UAW would take over health care

May 16, 2007

BY JOHN GALLAGHER

FREE PRESS BUSINESS WRITER

Labor experts are voicing skepticism about an idea that would shift retiree health care costs from Detroit automakers into a new fund run by the UAW.

The plan is based on a so-called voluntary employee beneficiary association, or VEBA, such as Goodyear Tire & Rubber Co. worked out with the steelworkers union.

VEBAs are a decades-old concept in managing employee benefits, but recently have gained attention as a possible solution to the health care burden on businesses.

Under the concept, the Chrysler Group, General Motors Corp., and Ford Motor Co. would create a UAW-run fund with perhaps $55 billion to $65 billion, and then give all responsibility for retiree health care liabilities to the union.

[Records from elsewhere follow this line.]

lemma trees_of_size_0: "trees_of_size 0 = {Leaf}"
  unfolding trees_of_size_def by (auto elim: nverts.elims)

lemma trees_of_size_Suc:
  "trees_of_size (Suc n) =
     (\<lambda>(i, L, R). Node L R) ` (SIGMA i:{..n}. trees_of_size i \<times> trees_of_size (n - i))"
proof (intro set_eqI iffI)
  fix T assume "T \<in> trees_of_size (Suc n)"
  then obtain L R where "T = Node L R" "nverts L + nverts R = n"
    unfolding trees_of_size_def by (cases T) auto
  then show "T \<in> (\<lambda>(i, L, R). Node L R) ` (SIGMA i:{..n}. trees_of_size i \<times> trees_of_size (n - i))"
    unfolding trees_of_size_def by (intro image_eqI[where x = "(nverts L, L, R)"]) auto
qed (auto simp: trees_of_size_def)

lemma finite_trees_of_size: "finite (trees_of_size n)"
proof (induction n rule: less_induct)
  case (less n)
  then show ?case
    by (cases n) (auto simp: trees_of_size_0 trees_of_size_Suc
        intro!: finite_imageI finite_SigmaI finite_cartesian_product)
qed

lemma sum_trees_of_size_Suc:
  "(\<Sum>T\<in>trees_of_size (Suc n). f T) =
     (\<Sum>i\<le>n. \<Sum>L\<in>trees_of_size i. \<Sum>R\<in>trees_of_size (n - i). f (Node L R))"
proof -
  have "inj_on (\<lambda>(i, L, R). Node L R) (SIGMA i:{..n}. trees_of_size i \<times> trees_of_size (n - i))"
    by (auto simp: inj_on_def trees_of_size_def)
  then have "(\<Sum>T\<in>trees_of_size (Suc n). f T) =
      (\<Sum>(i, L, R)\<in>(SIGMA i:{..n}. trees_of_size i \<times> trees_of_size (n - i)). f (Node L R))"
    unfolding trees_of_size_Suc by (simp add: sum.reindex case_prod_unfold)
  also have "\<dots> = (\<Sum>i\<le>n. \<Sum>(L, R)\<in>trees_of_size i \<times> trees_of_size (n - i). f (Node L R))"
    by (rule sum.Sigma[symmetric]) (simp_all add: finite_trees_of_size)
  also have "\<dots> = (\<Sum>i\<le>n. \<Sum>L\<in>trees_of_size i. \<Sum>R\<in>trees_of_size (n - i). f (Node L R))"
    by (simp only: sum.cartesian_product)
  finally show ?thesis .
qed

The Wall Street Journal reported Tuesday that the automakers have been pushing in recent months to create such a plan with the UAW. The deal announced Monday for private-equity firm Cerberus Capital Management to buy Chrysler only increased speculation that such an arrangement might be in the offing.

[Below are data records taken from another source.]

lemma path_edge_delete_vertex:
  assumes \<sigma>: "\<sigma> \<in> bijections V {1..n}" and p: "p \<in> V" and q: "q \<in> V" and \<sigma>pq: "\<sigma> q = Suc (\<sigma> p)"
    and a: "a \<in> V - {q}" and b: "b \<in> V - {q}"
  shows "path_edge (n - 1) (delete_vertex V q \<sigma> a) (delete_vertex V q \<sigma> b) \<longleftrightarrow>
           path_edge n (\<sigma> a) (\<sigma> b) \<or> a = p \<and> path_edge n (\<sigma> q) (\<sigma> b)"
proof -
  have inj: "inj_on \<sigma> V" and \<sigma>V: "\<sigma> ` V = {1..n}"
    using \<sigma> by (auto simp: bijections_def bij_betw_def)
  have \<sigma>_other: "\<sigma> v \<in> {1..n} - {\<sigma> q}" if "v \<in> V - {q}" for v
    using that q \<sigma>V by (auto simp: inj_on_eq_iff[OF inj])
  have "\<sigma> q \<in> {1..n}" using q \<sigma>V by blast
  note shift = path_edge_shift_down[OF this \<sigma>_other[OF a] \<sigma>_other[OF b]]
  have "Suc (\<sigma> a) = \<sigma> q \<longleftrightarrow> a = p"
    using a p \<sigma>pq by (auto simp: inj_on_eq_iff[OF inj])
  moreover have "\<sigma> b = Suc (\<sigma> q) \<longleftrightarrow> path_edge n (\<sigma> q) (\<sigma> b)"
    using \<sigma>_other[OF b] \<sigma>pq by (auto simp: path_edge_def)
  ultimately show ?thesis
    using shift a b by (simp add: delete_vertex_def)
qed

lemma out_edges_delete_vertex:
  fixes \<sigma> :: "'a \<Rightarrow> nat"
  assumes X: "simple_digraph V E" and \<sigma>: "\<sigma> \<in> bijections V {1..n}"
    and p: "p \<in> V" and q: "q \<in> V" and "p \<noteq> q" and \<sigma>pq: "\<sigma> q = Suc (\<sigma> p)"
    and twins: "\<And>b. b \<in> V - {p, q} \<Longrightarrow> E p b = E q b"
  shows "(\<lambda>(a, b). (if a = q then p else a, b)) ` (out_edges V E (path_edge n) \<sigma> - {(p, q)})
           = out_edges (V - {q}) (induced E (V - {q})) (path_edge (n - 1)) (delete_vertex V q \<sigma>)"
    (is "?g ` (?P - _) = ?P'")
proof -
  have inj: "inj_on \<sigma> V" using \<sigma> by (simp add: bijections_def bij_betw_def)
  have edge_in_V: "E a b \<Longrightarrow> a \<in> V \<and> b \<in> V \<and> a \<noteq> b" for a b
    using X by (simp add: simple_digraph_def)
  have P_iff: "(a, b) \<in> ?P \<longleftrightarrow> E a b \<and> path_edge n (\<sigma> a) (\<sigma> b)" for a b
    using edge_in_V[of a b] by (auto simp: out_edges_def)
  have P'_iff: "(a, b) \<in> ?P' \<longleftrightarrow> a \<in> V - {q} \<and> b \<in> V - {q} \<and> E a b \<and>
                  (path_edge n (\<sigma> a) (\<sigma> b) \<or> a = p \<and> path_edge n (\<sigma> q) (\<sigma> b))" for a b
  proof (cases "a \<in> V - {q} \<and> b \<in> V - {q}")
    case True
    then show ?thesis
      using path_edge_delete_vertex[OF \<sigma> p q \<sigma>pq, of a b] edge_in_V[of a b]
      by (auto simp: out_edges_def induced_def)
  qed (auto simp: out_edges_def induced_def)
  have from_p_iff_to_q: "a = p \<longleftrightarrow> b = q" if "(a, b) \<in> ?P" for a b
  proof -
    have "a \<in> V" "b \<in> V" "\<sigma> b = Suc (\<sigma> a)"
      using that edge_in_V[of a b] by (auto simp: P_iff path_edge_def)
    then show ?thesis
      using p q \<sigma>pq by (metis Suc_inject inj inj_on_eq_iff)
  qed
  show ?thesis
  proof (intro equalityI subsetI)
    fix x assume "x \<in> ?g ` (?P - {(p, q)})"
    then obtain y where y: "y \<in> ?P - {(p, q)}" and "x = ?g y" by (rule imageE)
    obtain a b where "y = (a, b)" by (cases y)
    with y \<open>x = ?g y\<close> have ab: "(a, b) \<in> ?P" "(a, b) \<noteq> (p, q)" and x: "x = ?g (a, b)"
      by simp_all
    then have "a \<noteq> p" "b \<noteq> q" using from_p_iff_to_q by auto
    have "E a b" and \<sigma>ab: "path_edge n (\<sigma> a) (\<sigma> b)" using ab(1) by (simp_all add: P_iff)
    then have "a \<in> V" "b \<in> V" "a \<noteq> b" using edge_in_V by blast+
    show "x \<in> ?P'"
    proof (cases "a = q")
      case True
      have "\<sigma> b \<noteq> \<sigma> p" using \<sigma>ab True \<sigma>pq by (simp add: path_edge_def)
      then have "b \<in> V - {p, q}" using \<open>b \<noteq> q\<close> \<open>b \<in> V\<close> by blast
      then have "E p b" using twins[of b] True \<open>E a b\<close> by simp
      then have "(p, b) \<in> ?P'"
        unfolding P'_iff using True \<sigma>ab p \<open>p \<noteq> q\<close> \<open>b \<in> V - {p, q}\<close> by simp
      then show ?thesis using True x by simp
    next
      case False
      have "(a, b) \<in> ?P'"
        unfolding P'_iff using False \<open>a \<in> V\<close> \<open>b \<in> V\<close> \<open>b \<noteq> q\<close> \<open>E a b\<close> \<sigma>ab by simp
      then show ?thesis using False x by simp
    qed
  next
    fix x assume "x \<in> ?P'"
    obtain a b where x: "x = (a, b)" by (cases x)
    with \<open>x \<in> ?P'\<close> have ab: "(a, b) \<in> ?P'" by simp
    then have "a \<in> V - {q}" "b \<in> V - {q}" "E a b" unfolding P'_iff by simp_all
    show "x \<in> ?g ` (?P - {(p, q)})"
    proof (cases "a = p \<and> path_edge n (\<sigma> q) (\<sigma> b)")
      case True
      then have "b \<noteq> p" using \<open>E a b\<close> edge_in_V by blast
      then have "(q, b) \<in> ?P - {(p, q)}"
        using True \<open>b \<in> V - {q}\<close> \<open>E a b\<close> twins[of b] \<open>p \<noteq> q\<close> by (simp add: P_iff)
      moreover have "x = ?g (q, b)" using True x by simp
      ultimately show ?thesis by (rule rev_image_eqI)
    next
      case False
      with ab have "path_edge n (\<sigma> a) (\<sigma> b)" unfolding P'_iff by simp
      then have "(a, b) \<in> ?P - {(p, q)}"
        using \<open>E a b\<close> \<open>b \<in> V - {q}\<close> by (simp add: P_iff)
      moreover have "x = ?g (a, b)" using \<open>a \<in> V - {q}\<close> x by simp
      ultimately show ?thesis by (rule rev_image_eqI)
    qed
  qed
qed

Nelson Lichtenstein, a professor of labor history at the University of California, Santa Barbara, scoffed at the idea, saying runaway health care costs would bankrupt the plan.

"These are no solutions. These are just stopgap things. ... Eventually the inflation in health care costs will catch up with the resources in this entity," he said.

Gary Chaison, an industrial relations professor at Clark University in Worcester, Mass., agreed: "My view is that it's not a stroke of genius. It may in fact be a stroke of madness."

Harley Shaiken, professor and expert in labor studies at the University of California, Berkeley, said the talk about a VEBA-style plan doesn't necessarily mean one will emerge.

"I think it almost assuredly will be raised in the talks, but the UAW has been cool to it so far, for the obvious reason that it shifts the risk from the employer to the union and to the workforce," he said.

Such a plan could offer the union the advantage of labor peace and greater job security.

But Chaison said skeptical UAW members would rather tinker with current plans by increasing prescription co-pays and other changes.

"I think UAW workers would be very hesitant for any major modification to health care plans," he said.